After that I had the pleasure of calling each cast member individually to give them the good news and to talk with them a little more about the topics they chose for their auditions - just to better understand them and to support them in clarifying and articulating their positions on the issues before having to discuss it on camera with other young people. I’d repeat the process a few weeks later with them at the shoot, in that way the auditions became a way for me to just pour a little back into cast members and remind them that their voices matter. It was incredibly fulfilling.
SOCIAL MEDIA
The second place I got to be creative was in the marketing of the show. Throughout each season I would be in charge of content creation and community management for Talk Up Yout’s social media platforms while also doing traditional media interviews and sending out press releases.

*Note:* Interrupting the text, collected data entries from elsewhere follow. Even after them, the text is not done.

(* Consider the distributed energy beamforming setting and protocol described in the context, with $M\ge 2$ energy transmitters, channel power gains $\beta_1,\dots,\beta_M>0$, channel phases $\theta_1,\dots,\theta_M\in[-\pi,\pi)$, transmit power $P>0$, and $N\ge1$ feedback intervals per transmitter, and let $\eta=Q_{\mathrm d}/Q^\star$ be the resulting efficiency. Let $0<\hat\eta\le 1$ be a target efficiency. If $$N\ \ge\ \log_2\left(\frac{\pi}{\arccos\left(\sqrt{\hat\eta-\dfrac{(1-\hat\eta)\sum_{m=1}^M\beta_m}{\sum_{i,j=1,\,i\ne j}^M\sqrt{\beta_i\beta_j}}}\right)}\right),$$ then $\eta\ge\hat\eta$.
   Context: Setting: $M$ single-antenna energy transmitters ET$_1,\dots,$ET$_M$ send power to one energy receiver (ER). If ET$_m$ transmits with phase $\phi_m$ (each with power $P$), the harvested power at the ER is $Q(\phi_1,\dots,\phi_M)=P\big|\sum_{m}\sqrt{\beta_m}e^{\mathrm{i}(\phi_m-\theta_m)}\big|^2$, where idle transmitters contribute nothing; the phases $\theta_m$ are unknown to the transmitters. Protocol: ET$_1$ transmits with fixed phase $\bar\phi_1=0$. Then for $m=2,\dots,M$ in turn, with ET$_1,\dots,$ET$_{m-1}$ transmitting with fixed phases $\bar\phi_1,\dots,\bar\phi_{m-1}$ and the others idle, ET$_m$ runs algorithm (A1) below and thereafter transmits with the resulting phase $\bar\phi_m$. Here $Q_m(\phi)=P\big|\sqrt{\beta_m}e^{\mathrm{i}(\phi-\theta_m)}+\sum_{i=1}^{m-1}\sqrt{\beta_i}e^{\mathrm{i}(\bar\phi_i-\theta_i)}\big|^2$. Algorithm (A1) for ET$_m$: initialize $\mathcal A^{(1)}=[-\pi,\pi)$, $\psi=0$, $\psi'=-\pi$. For $n=1,\dots,N$: ET$_m$ transmits with phase $\psi$ and then $\psi'$; the ER feeds back one bit indicating whether $Q_m(\psi)>Q_m(\psi')$ (exact measurements). If $Q_m(\psi)>Q_m(\psi')$, set $\mathcal A^{(n+1)}=\mathcal A^{(n)}\setminus\{\theta\in[-\pi,\pi):\cos(\theta-\psi)<\cos(\theta-\psi')\}$, otherwise $\mathcal A^{(n+1)}=\mathcal A^{(n)}\setminus\{\theta\in[-\pi,\pi):\cos(\theta-\psi)>\cos(\theta-\psi')\}$; then set $\psi=\max_{\theta\in\mathcal A^{(n+1)}}\theta$, $\psi'=\min_{\theta\in\mathcal A^{(n+1)}}\theta$. Output $\bar\phi_m=(\psi+\psi')/2$. Finally $Q_{\mathrm d}=Q(\bar\phi_1,\dots,\bar\phi_M)$, $Q^\star=P\big(\sum_{m}\sqrt{\beta_m}\big)^2=P\big(\sum_m\beta_m+\sum_{i\ne j}\sqrt{\beta_i\beta_j}\big)$, and $\eta=Q_{\mathrm d}/Q^\star$. The right-hand side of the condition on $N$ is understood whenever it is well defined (the expression under the square root lies in $[0,1]$). *)

theory Defs
  imports Complex_Main
begin

definition Qm :: "(nat \<Rightarrow> real) \<Rightarrow> (nat \<Rightarrow> real) \<Rightarrow> real \<Rightarrow> (nat \<Rightarrow> real) \<Rightarrow> nat \<Rightarrow> real \<Rightarrow> real" where
  "Qm beta theta P ph m phi =
     P * (cmod (complex_of_real (sqrt (beta m)) * cis (phi - theta m)
               + (\<Sum>i\<in>{1..<m}. complex_of_real (sqrt (beta i)) * cis (ph i - theta i)))) ^ 2"

text \<open>Endpoints (max, min) of a set of phases in [-pi,pi), read as a closed arc of the circle:
  the arc goes counterclockwise from the min psi' to the max psi.  When the set is an ordinary
  closed interval inside [-pi,pi) these are its literal max and min.\<close>
definition arc_ends :: "real set \<Rightarrow> real \<times> real" where
  "arc_ends A = (THE (b, a). -pi \<le> a \<and> a < pi \<and> a \<le> b \<and> b < a + 2 * pi \<and>
      A = {t \<in> {-pi..<pi}. \<exists>k::int. a \<le> t + 2 * pi * of_int k \<and> t + 2 * pi * of_int k \<le> b})"

definition a1_step :: "(real \<Rightarrow> real) \<Rightarrow> real set \<times> real \<times> real \<Rightarrow> real set \<times> real \<times> real" where
  "a1_step f s = (case s of (A, psi, psi') \<Rightarrow>
     let A' = (if f psi > f psi'
               then A - {t \<in> {-pi..<pi}. cos (t - psi) < cos (t - psi')}
               else A - {t \<in> {-pi..<pi}. cos (t - psi) > cos (t - psi')})
     in (A', fst (arc_ends A'), snd (arc_ends A')))"

definition a1_output :: "nat \<Rightarrow> (real \<Rightarrow> real) \<Rightarrow> real" where
  "a1_output N f = (case (a1_step f ^^ N) ({-pi..<pi}, 0, -pi) of (A, psi, psi') \<Rightarrow> (psi + psi') / 2)"

fun phases :: "(nat \<Rightarrow> real) \<Rightarrow> (nat \<Rightarrow> real) \<Rightarrow> real \<Rightarrow> nat \<Rightarrow> nat \<Rightarrow> (nat \<Rightarrow> real)" where
  "phases beta theta P N 0 = (\<lambda>_. 0)"
| "phases beta theta P N (Suc m) =
     (let ph = phases beta theta P N m in
      if m = 0 then ph(1 := 0)
      else ph(Suc m := a1_output N (Qm beta theta P ph (Suc m))))"

definition Qd :: "nat \<Rightarrow> (nat \<Rightarrow> real) \<Rightarrow> (nat \<Rightarrow> real) \<Rightarrow> real \<Rightarrow> nat \<Rightarrow> real" where
  "Qd M beta theta P N =
     P * (cmod (\<Sum>m\<in>{1..M}. complex_of_real (sqrt (beta m)) * cis (phases beta theta P N M m - theta m))) ^ 2"

definition Qstar :: "nat \<Rightarrow> (nat \<Rightarrow> real) \<Rightarrow> real \<Rightarrow> real" where
  "Qstar M beta P = P * (\<Sum>m\<in>{1..M}. sqrt (beta m)) ^ 2"

definition eta :: "nat \<Rightarrow> (nat \<Rightarrow> real) \<Rightarrow> (nat \<Rightarrow> real) \<Rightarrow> real \<Rightarrow> nat \<Rightarrow> real" where
  "eta M beta theta P N = Qd M beta theta P N / Qstar M beta P"

end

theory Submission
  imports Defs
begin

text \<open>After its first comparison, algorithm (A1) always holds an arc [a, a + L] of the circle
  together with its two endpoints.  Its objective Q_m has the form alpha + kappa cos (phi - p) with
  kappa > 0, where p is the phase that aligns ET_m with the sum S of the already fixed signals, so
  each one-bit comparison of the endpoints keeps exactly the half of the arc that contains p.
  After N rounds the output, the midpoint of an arc of length pi / 2^(N-1), lies within
  pi / 2^N of p, hence cos (phi_m - p) \<ge> c := cos (pi / 2^N).  Adding ET_m then preserves
  |S|^2 \<ge> T + c^2 (B^2 - T), where T and B are the partial sums of beta_m and sqrt beta_m;
  with B^2 = T + X this gives eta \<ge> (T + c^2 X) / (T + X), and the condition on N says
  exactly that c^2 is at least the value of x making (T + x X) / (T + X) equal to the target.\<close>

definition on_arc :: "real \<Rightarrow> real \<Rightarrow> real \<Rightarrow> bool" where
  "on_arc a b t \<longleftrightarrow> (\<exists>k::int. a \<le> t + 2 * pi * of_int k \<and> t + 2 * pi * of_int k \<le> b)"

definition arc :: "real \<Rightarrow> real \<Rightarrow> real set" where
  "arc a b = {t \<in> {-pi..<pi}. on_arc a b t}"

lemma on_arc_translate: "on_arc (a + d) (b + d) t \<longleftrightarrow> on_arc a b (t - d)"
  unfolding on_arc_def by (simp add: algebra_simps)

lemma on_arc_add_2pi_int: "on_arc a b (t + 2 * pi * of_int j) \<longleftrightarrow> on_arc a b t"
  unfolding on_arc_def
proof
  assume "\<exists>k::int. a \<le> t + 2 * pi * of_int j + 2 * pi * of_int k \<and> t + 2 * pi * of_int j + 2 * pi * of_int k \<le> b"
  then show "\<exists>k::int. a \<le> t + 2 * pi * of_int k \<and> t + 2 * pi * of_int k \<le> b"
    by (metis (no_types) add.assoc distrib_left of_int_add)
next
  assume "\<exists>k::int. a \<le> t + 2 * pi * of_int k \<and> t + 2 * pi * of_int k \<le> b"
  then obtain k :: int where "a \<le> t + 2 * pi * of_int k" "t + 2 * pi * of_int k \<le> b" by blast
  then show "\<exists>k::int. a \<le> t + 2 * pi * of_int j + 2 * pi * of_int k \<and> t + 2 * pi * of_int j + 2 * pi * of_int k \<le> b"
    by (intro exI[of _ "k - j"]) (simp add: algebra_simps)
qed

I loved spending whole days making graphics and scheduling posts so that our followers would wake up with a nice motivational/inspirational post every morning, have something educational at noon and something fun in the evening. Using these posts I built a relationship with our followers, sparking important discussions, listening to their feedback and ultimately growing Talk Up Yout’s online community each season.
My content creation skills have greatly improved since then but my time messing around in Canva for Talk Up Yout was definitely a formative part of my creative development.
COMMUNITY
The final area I was able to be creative in is the TUY Communiy. Each season more than 200 young people auditioned for Talk Up Yout and although we couldn’t cast all those young people, we definitely recorded the issues they’d chosen to talk about in our database of youth issues. I was also able to call on both the young people we casted and some of the ones we didn’t for various other opportunities over the years. The vast majority of Talk Up Radio co-hosts are past Talk Up Yout panelists, they make up the production crews and project assistants we work with, they’re the first invited to TUY events and to participate in service and outreach projects and we continue to partner with them and support their work beyond our programmes.

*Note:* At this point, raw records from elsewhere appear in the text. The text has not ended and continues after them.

section \<open>Isomorphisms between the model algebras\<close>

lemma model_scaling_iso:
  assumes "t \<noteq> 0" and "c$1 = t^4 * c'$1" "c$2 = t^3 * c'$2" "c$3 = t^2 * c'$3" "c$4 = t * c'$4"
  shows "alg_iso sc4 (model c) sc4 (model c')"
proof -
  define d :: "complex^4"
    where "d = (\<chi> i. if i = 1 then t else if i = 2 then t^2 else if i = 3 then t^3 else t^4)"
  have d: "d$1 = t" "d$2 = t^2" "d$3 = t^3" "d$4 = t^4" and "d$i \<noteq> 0" for i
    using \<open>t \<noteq> 0\<close> by (simp_all add: d_def)
  define f where "f x = (\<chi> i. d$i * x$i)" for x :: "complex^4"
  have "Vector_Spaces.linear sc4 sc4 f"
    by (auto simp: Vector_Spaces.linear_iff f_def vec_eq_iff algebra_simps vec.vector_space_axioms)
  moreover have "bij f"
    by (rule o_bij[of "\<lambda>x. \<chi> i. x$i / d$i"]) (auto simp: f_def fun_eq_iff vec_eq_iff \<open>d$_ \<noteq> 0\<close>)
  moreover have "f (model c x y) = model c' (f x) (f y)" for x y
    using assms(2-) by (simp add: f_def vec_eq_iff forall_4 d algebra_simps eval_nat_numeral)
  ultimately show ?thesis
    unfolding alg_iso_def by blast
qed
lemma geometric_lattice_image:
  assumes g: "geometric_lattice le A"
  shows "geometric_lattice le B"
proof -
  have L: "is_lattice le A" using g unfolding geometric_lattice_def by blast
  then have p: "is_poset le A" unfolding is_lattice_def by blast
  have cov: "covers le A x y \<longleftrightarrow> (\<exists>a\<in>atoms le A. \<not> le a x \<and> y = join le A x a)"
    if "x \<in> A" "y \<in> A" for x y
    using g that unfolding geometric_lattice_def by blast
  show ?thesis unfolding geometric_lattice_def
  proof (intro conjI ballI is_lattice_image[OF L])
    fix x' y' assume x': "x' \<in> B" and y': "y' \<in> B"
    obtain x y where xy: "x \<in> A" "y \<in> A" "x' = f x" "y' = f y" using x' y' image_eq by blast
    have jq: "join le B (f x) (f a) = f (join le A x a)" "join le A x a \<in> A" if "a \<in> A" for a
      using join_image(1,2)[OF p _ xy(1) that] L xy(1) that image_eq unfolding is_lattice_def
        by auto
    have "covers le B x' y' = covers le A x y" using covers_iff xy by simp
    also have "\<dots> = (\<exists>a\<in>atoms le A. \<not> le a x \<and> y = join le A x a)" using cov xy by blast
    also have "\<dots> = (\<exists>a\<in>atoms le A. \<not> le (f a) x' \<and> y' = join le B x' (f a))"
    proof -
      have "(\<not> le a x \<and> y = join le A x a) = (\<not> le (f a) x' \<and> y' = join le B x' (f a))"
        if "a \<in> atoms le A" for a
        using atom_in[OF that] le_image_iff xy f_eq_iff jq[OF atom_in[OF that]] by auto
      then show ?thesis by blast
    qed
    also have "\<dots> = (\<exists>a'\<in>atoms le B. \<not> le a' x' \<and> y' = join le B x' a')"
      unfolding atoms_image[OF p] by simp
    finally show "covers le B x' y' \<longleftrightarrow> (\<exists>a\<in>atoms le B. \<not> le a x' \<and> y' = join le B x' a)" .
  qed
qed

lemma locally_geometric_image:
  assumes lg: "locally_geometric le A"
  shows "locally_geometric le B"
  unfolding locally_geometric_def
proof (intro conjI ballI)
  have p: "is_poset le A" using lg unfolding locally_geometric_def by blast
  show "is_poset le B" using is_poset_image[OF p] .
  fix x' assume x': "x' \<in> B"
  obtain x where x: "x \<in> A" "x' = f x" using x' image_eq by blast
  have D: "down le A x \<subseteq> A" unfolding down_def by blast
  interpret R: order_iso le f "down le A x" "f ` down le A x" using restrict_iso[OF D] .
  have "geometric_lattice le (down le A x)" using lg x unfolding locally_geometric_def by blast
  hence "geometric_lattice le (f ` down le A x)" using R.geometric_lattice_image by blast
  thus "geometric_lattice le (down le B x')" using down_image x by simp
qed

lemma interval_image:
  assumes "u \<in> A" "v \<in> A"
  shows "{z\<in>B. le (f u) z \<and> lt le z (f v)} = f ` {z\<in>A. le u z \<and> lt le z v}"
proof (rule set_eqI)
  fix z
  show "z \<in> {z\<in>B. le (f u) z \<and> lt le z (f v)} \<longleftrightarrow> z \<in> f ` {z\<in>A. le u z \<and> lt le z v}"
  proof
    assume z: "z \<in> {z\<in>B. le (f u) z \<and> lt le z (f v)}"
    then obtain z0 where z0: "z0 \<in> A" "z = f z0" using image_eq by blast
    then have "le u z0" "lt le z0 v" using z le_image_iff lt_iff assms by auto
    with z0 show "z \<in> f ` {z\<in>A. le u z \<and> lt le z v}" by blast
  next
    assume "z \<in> f ` {z\<in>A. le u z \<and> lt le z v}"
    then show "z \<in> {z\<in>B. le (f u) z \<and> lt le z (f v)}" using le_image_iff lt_iff assms f_in by auto
  qed
qed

My experience with the Talk Up Yout TV Show culminated with producing Season 8, which was a sort of return to the interview style episodes of seasons 1-4. After we cast the season, selecting one young person per issue, I travelled across the country with our videography team to meet them in their communities and record them telling their own stories. The powerful experiences, and ideas we were able to capture were a testament to my growth as a producer, as for the first time, my role was to ensure we had all the shots we needed but I’d been well prepared to do that over the years of working with the Executive Producers and supporting cast members in articulating their stories.
That’s the magic of Talk Up Yout for me. Looking back it was a safe, nurturing environment in which to learn the business of media, pick up incredibly useful, transferable skills, meet new people and expand my network while also doing some good in the world. For every young person I helped to articulate an issue they cared about, I found myself with a deeper understanding of someone else’s reality and that’s priceless. Big thanks to Emprezz and Nadia for investing in me and giving me space to pay it forward.